As its name means, TwoPO has internally two search strategies that
constitute its two phases of optimization:

 * Iterative Improvement (II) – Biased Sampling + Local Search
 * Simulated Annealing (SA)

This algorithm also works in two search spaces:

 * deep-trees (subset of bushy-trees)
    - list of baserels
    - initial states: biased sampling using
          Prim algorithm over join graph (new, very efficient)
    - moves: swap, 3cycle [2]
 * bushy-trees
    - binary join tree representation
    - initial states: biased sampling using
          Kruskal's algorithm over join graph [3,4].
    - moves: associative

You can modify the functionality of TwoPO through the following parameters:

twopo_bushy_space = {true|false}
  - set it to false if you want only deep-trees
    default=true
twopo_heuristic_states = {true|false}
  - enables heuristic to initial states
    default=true
twopo_ii_stop = Int
  - number of initial states
    default=10
twopo_ii_improve_states = {true|false}
  - find local-minimum of each initial state
    default=true
twopo_sa_phase = {true|false}
  - enables Simulated Annealing (SA) phase
    default=true
twopo_sa_initial_temperature = Float
  - initial temperature for SA phase
    default=0.1
twopo_sa_temperature_reduction = Float
  - temperature reduction
    default=0.95
twopo_sa_equilibrium = Int
  - number of states generated for each temperature
    (Int * State Size)
    default=16


References:

[1] Yannis E. Ioannidis e Younkyung Kang. Randomized algorithms for
optimizing large join queries. SIGMOD Rec., 19(2):312-321, 1990.

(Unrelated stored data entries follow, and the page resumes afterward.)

(* Let $l\ge1$ and let $(X_l,M_l),\dots,(X_1,M_1)$ be transformation monoids. Then the wreath product monoid $M_l\circ\cdots\circ M_1$ embeds (as a monoid) in $\mathrm{Ell}(r_0,T(|X_l|,\dots,|X_1|))$.
   Context: A transformation monoid $(X,M)$ is a nonempty set $X$ with a submonoid $M$ of the monoid of all full transformations of $X$ (maps written on the right). For $X=X_l\times\cdots\times X_1$ and $i\le l$, $\pi_i$ is the projection onto $X_i$. A full transformation $\varphi$ of $X$ is sequential if for every $i$, elements with the same last $i$ components have images with the same last $i$ components. Given $(a_{i-1},\dots,a_1)$, the local map $(\cdot,a_{i-1},\dots,a_1)\varphi\pi_i:X_i\to X_i$ sends $x$ to the $i$-th component of $(\dots,x,a_{i-1},\dots,a_1)\varphi$ (well defined by sequentiality). The wreath product $M_l\circ\cdots\circ M_1$ is the monoid of all sequential $\varphi$ with $\varphi\pi_1$ (as a map on $X_1$) in $M_1$ and every local map $(\cdot,a_{i-1},\dots,a_1)\varphi\pi_i$ in $M_i$. $\mathrm{Ell}(r_0,T)$ is the monoid of depth-preserving, distance-non-increasing self-maps of the vertex set of the rooted tree $(r_0,T)$ (depth = distance to $r_0$). $T(n_l,\dots,n_1)$ is the rooted tree of depth $l$ in which each vertex of depth $i-1$ has exactly $n_i$ sons. *)

theory Defs
  imports "HOL-Library.FuncSet"
begin

(* Transformations of a set A are represented as extensional functions A \<rightarrow>\<^sub>E A;
   maps are written on the right, so the product "f then g" is  compose A g f. *)

definition transformation_monoid :: "'a set \<Rightarrow> ('a \<Rightarrow> 'a) set \<Rightarrow> bool" where
  "transformation_monoid A M \<longleftrightarrow> A \<noteq> {} \<and> M \<subseteq> (A \<rightarrow>\<^sub>E A) \<and>
     restrict id A \<in> M \<and> (\<forall>f\<in>M. \<forall>g\<in>M. compose A g f \<in> M)"

definition prodX :: "nat \<Rightarrow> (nat \<Rightarrow> 'a set) \<Rightarrow> (nat \<Rightarrow> 'a) set" where
  "prodX l X = (\<Pi>\<^sub>E i\<in>{1..l}. X i)"

definition sequential :: "nat \<Rightarrow> (nat \<Rightarrow> 'a set) \<Rightarrow> ((nat \<Rightarrow> 'a) \<Rightarrow> (nat \<Rightarrow> 'a)) \<Rightarrow> bool" where
  "sequential l X \<phi> \<longleftrightarrow> (\<forall>i\<in>{1..l}. \<forall>x\<in>prodX l X. \<forall>y\<in>prodX l X.
      (\<forall>j\<in>{1..i}. x j = y j) \<longrightarrow> (\<forall>j\<in>{1..i}. \<phi> x j = \<phi> y j))"

(* wreath product M_l \<circ> ... \<circ> M_1: the local map (.,a_{i-1},...,a_1)\<phi>\<pi>_i is in M_i,
   i.e. some m \<in> M_i agrees with it (for i = 1 this says \<phi>\<pi>_1 \<in> M_1) *)
definition wreath :: "nat \<Rightarrow> (nat \<Rightarrow> 'a set) \<Rightarrow> (nat \<Rightarrow> ('a \<Rightarrow> 'a) set)
                      \<Rightarrow> ((nat \<Rightarrow> 'a) \<Rightarrow> (nat \<Rightarrow> 'a)) set" where
  "wreath l X M = {\<phi> \<in> prodX l X \<rightarrow>\<^sub>E prodX l X. sequential l X \<phi> \<and>
     (\<forall>i\<in>{1..l}. \<forall>a\<in>prodX l X. \<exists>m\<in>M i. \<forall>z\<in>prodX l X.
         (\<forall>j\<in>{1..<i}. z j = a j) \<longrightarrow> \<phi> z i = m (z i))}"

definition gdist :: "'v set \<Rightarrow> ('v \<Rightarrow> 'v \<Rightarrow> bool) \<Rightarrow> 'v \<Rightarrow> 'v \<Rightarrow> nat" where
  "gdist V adj u v = (LEAST n. \<exists>p. length p = Suc n \<and> hd p = u \<and> last p = v \<and>
      set p \<subseteq> V \<and> (\<forall>k<n. adj (p ! k) (p ! Suc k)))"

definition Ell :: "'v set \<Rightarrow> ('v \<Rightarrow> 'v \<Rightarrow> bool) \<Rightarrow> 'v \<Rightarrow> ('v \<Rightarrow> 'v) set" where
  "Ell V adj r0 = {f \<in> V \<rightarrow>\<^sub>E V.
      (\<forall>u\<in>V. gdist V adj (f u) r0 = gdist V adj u r0) \<and>
      (\<forall>u\<in>V. \<forall>v\<in>V. gdist V adj (f u) (f v) \<le> gdist V adj u v)}"

(* The rooted tree T(n_l,...,n_1) with n_i = |N i|: a vertex of depth k is a list
   [a_1,...,a_k] with a_j \<in> N j; the root is []; the sons of a vertex of depth i-1
   are its extensions by an element of N i, so it has |N i| = n_i sons. *)
definition tree_verts :: "nat \<Rightarrow> (nat \<Rightarrow> 'b set) \<Rightarrow> 'b list set" where
  "tree_verts l N = {xs. length xs \<le> l \<and> (\<forall>j<length xs. xs ! j \<in> N (Suc j))}"

definition tree_adj :: "'b list \<Rightarrow> 'b list \<Rightarrow> bool" where
  "tree_adj u v \<longleftrightarrow> (v \<noteq> [] \<and> u = butlast v) \<or> (u \<noteq> [] \<and> v = butlast u)"

definition monoid_embeds :: "'a set \<Rightarrow> ('a \<Rightarrow> 'a) set \<Rightarrow> 'b set \<Rightarrow> ('b \<Rightarrow> 'b) set \<Rightarrow> bool" where
  "monoid_embeds A W B E \<longleftrightarrow> (\<exists>h. h \<in> W \<rightarrow> E \<and> inj_on h W \<and>
      h (restrict id A) = restrict id B \<and>
      (\<forall>\<phi>\<in>W. \<forall>\<psi>\<in>W. h (compose A \<psi> \<phi>) = compose B (h \<psi>) (h \<phi>)))"

end

theory Submission
  imports Defs "HOL-Library.Sublist"
begin

text \<open>Through bijections \<open>G\<^sub>i : X\<^sub>i \<rightarrow> N\<^sub>i\<close> a tuple \<open>x\<close> becomes the branch
  \<open>[G\<^sub>1 x\<^sub>1, \<dots>, G\<^sub>l x\<^sub>l]\<close> of the tree, and a vertex of depth \<open>k\<close> is the common
  prefix of length \<open>k\<close> of the branches through it. A sequential map \<open>\<phi>\<close> acts on such a
  vertex by applying \<open>\<phi>\<close> to any tuple through it and cutting the image branch back to
  depth \<open>k\<close>; sequentiality says exactly that the result does not depend on the chosen
  tuple. This action preserves depth and commutes with taking prefixes, so it maps edges
  to edges and does not increase distances; the same independence makes it multiplicative,
  and \<open>\<phi>\<close> is recovered from its action on the leaves. The wreath product consists of
  sequential maps, so it embeds.\<close>

definition is_walk :: "'v set \<Rightarrow> ('v \<Rightarrow> 'v \<Rightarrow> bool) \<Rightarrow> 'v \<Rightarrow> 'v \<Rightarrow> 'v list \<Rightarrow> bool" where
  "is_walk V adj u v p \<longleftrightarrow> p \<noteq> [] \<and> hd p = u \<and> last p = v \<and> set p \<subseteq> V \<and> successively adj p"

lemma gdist_eq_Least_walk:
  "gdist V adj u v = (LEAST n. \<exists>p. length p = Suc n \<and> is_walk V adj u v p)"
  unfolding gdist_def is_walk_def
  by (rule arg_cong[where f = Least], rule ext) (auto simp: successively_conv_nth)

lemma gdist_le_walk:
  assumes "is_walk V adj u v p"
  shows "gdist V adj u v \<le> length p - 1"
  unfolding gdist_eq_Least_walk
  by (rule Least_le) (use assms in \<open>auto simp: is_walk_def\<close>)

lemma shortest_walk_exists:
  assumes "is_walk V adj u v p"
  obtains q where "length q = Suc (gdist V adj u v)" "is_walk V adj u v q"
proof -
  have "\<exists>n q. length q = Suc n \<and> is_walk V adj u v q"
    using assms by (intro exI[of _ "length p - 1"] exI[of _ p]) (auto simp: is_walk_def)
  then have "\<exists>q. length q = Suc (gdist V adj u v) \<and> is_walk V adj u v q"
    unfolding gdist_eq_Least_walk by (rule LeastI_ex)
  with that show ?thesis by blast
qed

lemma is_walk_rev:
  assumes "\<And>x y. adj x y \<Longrightarrow> adj y x" "is_walk V adj u v p"
  shows "is_walk V adj v u (rev p)"
  using assms by (auto simp: is_walk_def hd_rev last_rev successively_rev intro: successively_mono)

lemma is_walk_append:
  assumes "is_walk V adj u w p" "is_walk V adj w v q"
  shows "is_walk V adj u v (p @ tl q)"
  using assms by (cases q) (auto simp: is_walk_def successively_append_iff successively_Cons
      split: list.splits)

lemma successively_potential_bound:
  assumes "\<And>x y. adj x y \<Longrightarrow> f x \<le> f y + 1" "successively adj p" "p \<noteq> []"
  shows "f (hd p) \<le> f (last p) + (length p - 1)"
  using assms(2,3)
proof (induction p rule: induct_list012)
  case (3 x y zs)
  then have "f x \<le> f y + 1" using assms(1) by simp
  with 3 show ?case by simp
qed simp_all

lemma gdist_potential_bound:
  assumes "\<And>x y. x \<in> V \<Longrightarrow> y \<in> V \<Longrightarrow> adj x y \<Longrightarrow> f x \<le> f y + 1"
    and "is_walk V adj u v p"
  shows "f u \<le> f v + gdist V adj u v"
proof -
  obtain q where q: "length q = Suc (gdist V adj u v)" "is_walk V adj u v q"
    using shortest_walk_exists[OF assms(2)] .
  have "successively (\<lambda>x y. x \<in> V \<and> y \<in> V \<and> adj x y) q"
    using q(2) unfolding is_walk_def by (auto simp: successively_conv_nth)
  from successively_potential_bound[of _ f, OF _ this] q assms(1) show ?thesis
    by (auto simp: is_walk_def)
qed

lemma gdist_map_le:
  assumes "\<And>x. x \<in> V \<Longrightarrow> f x \<in> V"
    and "\<And>x y. x \<in> V \<Longrightarrow> y \<in> V \<Longrightarrow> adj x y \<Longrightarrow> adj (f x) (f y)"
    and "is_walk V adj u v p"
  shows "gdist V adj (f u) (f v) \<le> gdist V adj u v"
proof -
  obtain q where q: "length q = Suc (gdist V adj u v)" "is_walk V adj u v q"
    using shortest_walk_exists[OF assms(3)] .
  have "is_walk V adj (f u) (f v) (map f q)"
    using q(2) assms(1,2) unfolding is_walk_def
    by (auto simp: hd_map last_map successively_map elim!: successively_mono)
  from gdist_le_walk[OF this] q(1) show ?thesis by simp
qed

lemma tree_adj_sym: "tree_adj u v \<Longrightarrow> tree_adj v u"
  unfolding tree_adj_def by blast

lemma length_tree_verts: "v \<in> tree_verts l N \<Longrightarrow> length v \<le> l"
  by (simp add: tree_verts_def)

lemma take_in_tree_verts: "u \<in> tree_verts l N \<Longrightarrow> take k u \<in> tree_verts l N"
  unfolding tree_verts_def by auto

lemma successively_tree_adj_prefixes: "successively tree_adj (prefixes u)"
proof (induction u rule: rev_induct)
  case (snoc x xs)
  then show ?case by (auto simp: successively_append_iff tree_adj_def)
qed simp

lemma is_walk_root_prefixes:
  assumes "u \<in> tree_verts l N"
  shows "is_walk (tree_verts l N) tree_adj [] u (prefixes u)"
proof -
  have "x \<in> tree_verts l N" if "prefix x u" for x
  proof -
    from that have "x = take (length x) u" by (auto simp: prefix_def)
    with take_in_tree_verts[OF assms] show ?thesis by metis
  qed
  then have "set (prefixes u) \<subseteq> tree_verts l N" by auto
  then show ?thesis by (simp add: is_walk_def successively_tree_adj_prefixes)
qed

lemma tree_walk_exists:
  assumes "u \<in> tree_verts l N" "v \<in> tree_verts l N"
  obtains p where "is_walk (tree_verts l N) tree_adj u v p"
  using is_walk_append[OF is_walk_rev[OF tree_adj_sym is_walk_root_prefixes[OF assms(1)]]
      is_walk_root_prefixes[OF assms(2)]] that by blast

lemma gdist_root_tree:
  assumes "u \<in> tree_verts l N"
  shows "gdist (tree_verts l N) tree_adj u [] = length u"
proof (rule antisym)
  have walk: "is_walk (tree_verts l N) tree_adj u [] (rev (prefixes u))"
    by (rule is_walk_rev[OF tree_adj_sym is_walk_root_prefixes[OF assms]])
  from gdist_le_walk[OF this] show "gdist (tree_verts l N) tree_adj u [] \<le> length u"
    by simp
  have "length x \<le> length y + 1" if "tree_adj x y" for x y :: "'a list"
    using that unfolding tree_adj_def by auto
  from gdist_potential_bound[of _ tree_adj length, OF this walk]
  show "length u \<le> gdist (tree_verts l N) tree_adj u []" by simp
qed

[2] Arun Swami e Anoop Gupta. Optimization of large join queries. SIGMOD
'88: Proceedings of the 1988 ACM SIGMOD international conference on
Management of data, pages 8-17, New York, NY, USA, 1988. ACM.

[3] P.B. Guttoski, M. S. Sunye, e F. Silva. Kruskal's algorithm for
query tree optimization. IDEAS '07: Proceedings of the 11th
International Database Engineering and Applications Symposium, pages
296-302, Washington, DC, USA, 2007. IEEE Computer Society.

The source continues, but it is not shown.